──────── EXTRACTED RECORDS
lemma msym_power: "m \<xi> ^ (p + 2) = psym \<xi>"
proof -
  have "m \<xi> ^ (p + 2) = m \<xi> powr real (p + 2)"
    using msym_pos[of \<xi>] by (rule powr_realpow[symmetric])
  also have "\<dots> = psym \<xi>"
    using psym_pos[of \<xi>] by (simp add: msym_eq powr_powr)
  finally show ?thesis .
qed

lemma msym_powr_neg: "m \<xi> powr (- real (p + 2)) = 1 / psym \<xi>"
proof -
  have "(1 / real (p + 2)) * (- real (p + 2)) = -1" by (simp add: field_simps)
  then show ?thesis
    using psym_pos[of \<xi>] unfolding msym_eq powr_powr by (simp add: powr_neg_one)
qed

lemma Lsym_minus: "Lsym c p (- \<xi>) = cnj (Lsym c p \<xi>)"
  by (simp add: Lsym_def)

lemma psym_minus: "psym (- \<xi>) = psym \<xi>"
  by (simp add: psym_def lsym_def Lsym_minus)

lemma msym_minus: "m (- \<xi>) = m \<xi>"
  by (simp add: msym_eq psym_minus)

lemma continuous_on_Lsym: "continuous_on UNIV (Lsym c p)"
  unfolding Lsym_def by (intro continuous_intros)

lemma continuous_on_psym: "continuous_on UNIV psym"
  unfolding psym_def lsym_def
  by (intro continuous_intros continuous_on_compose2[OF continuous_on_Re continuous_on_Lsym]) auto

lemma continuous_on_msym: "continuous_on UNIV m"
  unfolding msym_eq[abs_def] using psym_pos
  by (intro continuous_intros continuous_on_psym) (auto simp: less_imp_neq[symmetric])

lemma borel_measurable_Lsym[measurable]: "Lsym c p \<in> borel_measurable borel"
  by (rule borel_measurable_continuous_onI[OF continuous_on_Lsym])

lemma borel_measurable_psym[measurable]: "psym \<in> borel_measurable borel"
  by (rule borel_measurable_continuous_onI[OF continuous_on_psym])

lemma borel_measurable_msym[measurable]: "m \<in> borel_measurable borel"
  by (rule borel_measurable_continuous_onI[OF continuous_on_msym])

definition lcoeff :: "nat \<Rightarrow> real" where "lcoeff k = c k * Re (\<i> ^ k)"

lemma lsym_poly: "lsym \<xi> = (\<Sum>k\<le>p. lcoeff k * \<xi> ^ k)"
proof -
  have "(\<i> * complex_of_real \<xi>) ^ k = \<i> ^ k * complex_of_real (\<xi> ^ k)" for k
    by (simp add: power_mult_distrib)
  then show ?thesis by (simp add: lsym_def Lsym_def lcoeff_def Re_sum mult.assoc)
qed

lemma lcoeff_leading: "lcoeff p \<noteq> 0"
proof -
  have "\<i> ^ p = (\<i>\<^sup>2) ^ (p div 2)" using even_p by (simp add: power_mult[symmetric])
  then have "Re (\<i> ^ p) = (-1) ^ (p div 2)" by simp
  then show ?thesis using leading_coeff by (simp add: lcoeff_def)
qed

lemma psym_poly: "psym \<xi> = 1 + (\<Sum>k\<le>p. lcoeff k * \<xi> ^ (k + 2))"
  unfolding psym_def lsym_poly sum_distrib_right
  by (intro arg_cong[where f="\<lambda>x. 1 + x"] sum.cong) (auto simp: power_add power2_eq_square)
────────────────
■ **EXERCISE DIRECTIONS**
From the line that contains "unfolding msym_eq[abs_def] using psym_pos" through the final line of the entries above, every line must be reproduced exactly and nothing more.

■ **OUTPUT**
  unfolding msym_eq[abs_def] using psym_pos
  by (intro continuous_intros continuous_on_psym) (auto simp: less_imp_neq[symmetric])

lemma borel_measurable_Lsym[measurable]: "Lsym c p \<in> borel_measurable borel"
  by (rule borel_measurable_continuous_onI[OF continuous_on_Lsym])

lemma borel_measurable_psym[measurable]: "psym \<in> borel_measurable borel"
  by (rule borel_measurable_continuous_onI[OF continuous_on_psym])

lemma borel_measurable_msym[measurable]: "m \<in> borel_measurable borel"
  by (rule borel_measurable_continuous_onI[OF continuous_on_msym])

definition lcoeff :: "nat \<Rightarrow> real" where "lcoeff k = c k * Re (\<i> ^ k)"

lemma lsym_poly: "lsym \<xi> = (\<Sum>k\<le>p. lcoeff k * \<xi> ^ k)"
proof -
  have "(\<i> * complex_of_real \<xi>) ^ k = \<i> ^ k * complex_of_real (\<xi> ^ k)" for k
    by (simp add: power_mult_distrib)
  then show ?thesis by (simp add: lsym_def Lsym_def lcoeff_def Re_sum mult.assoc)
qed

lemma lcoeff_leading: "lcoeff p \<noteq> 0"
proof -
  have "\<i> ^ p = (\<i>\<^sup>2) ^ (p div 2)" using even_p by (simp add: power_mult[symmetric])
  then have "Re (\<i> ^ p) = (-1) ^ (p div 2)" by simp
  then show ?thesis using leading_coeff by (simp add: lcoeff_def)
qed

lemma psym_poly: "psym \<xi> = 1 + (\<Sum>k\<le>p. lcoeff k * \<xi> ^ (k + 2))"
  unfolding psym_def lsym_poly sum_distrib_right
  by (intro arg_cong[where f="\<lambda>x. 1 + x"] sum.cong) (auto simp: power_add power2_eq_square)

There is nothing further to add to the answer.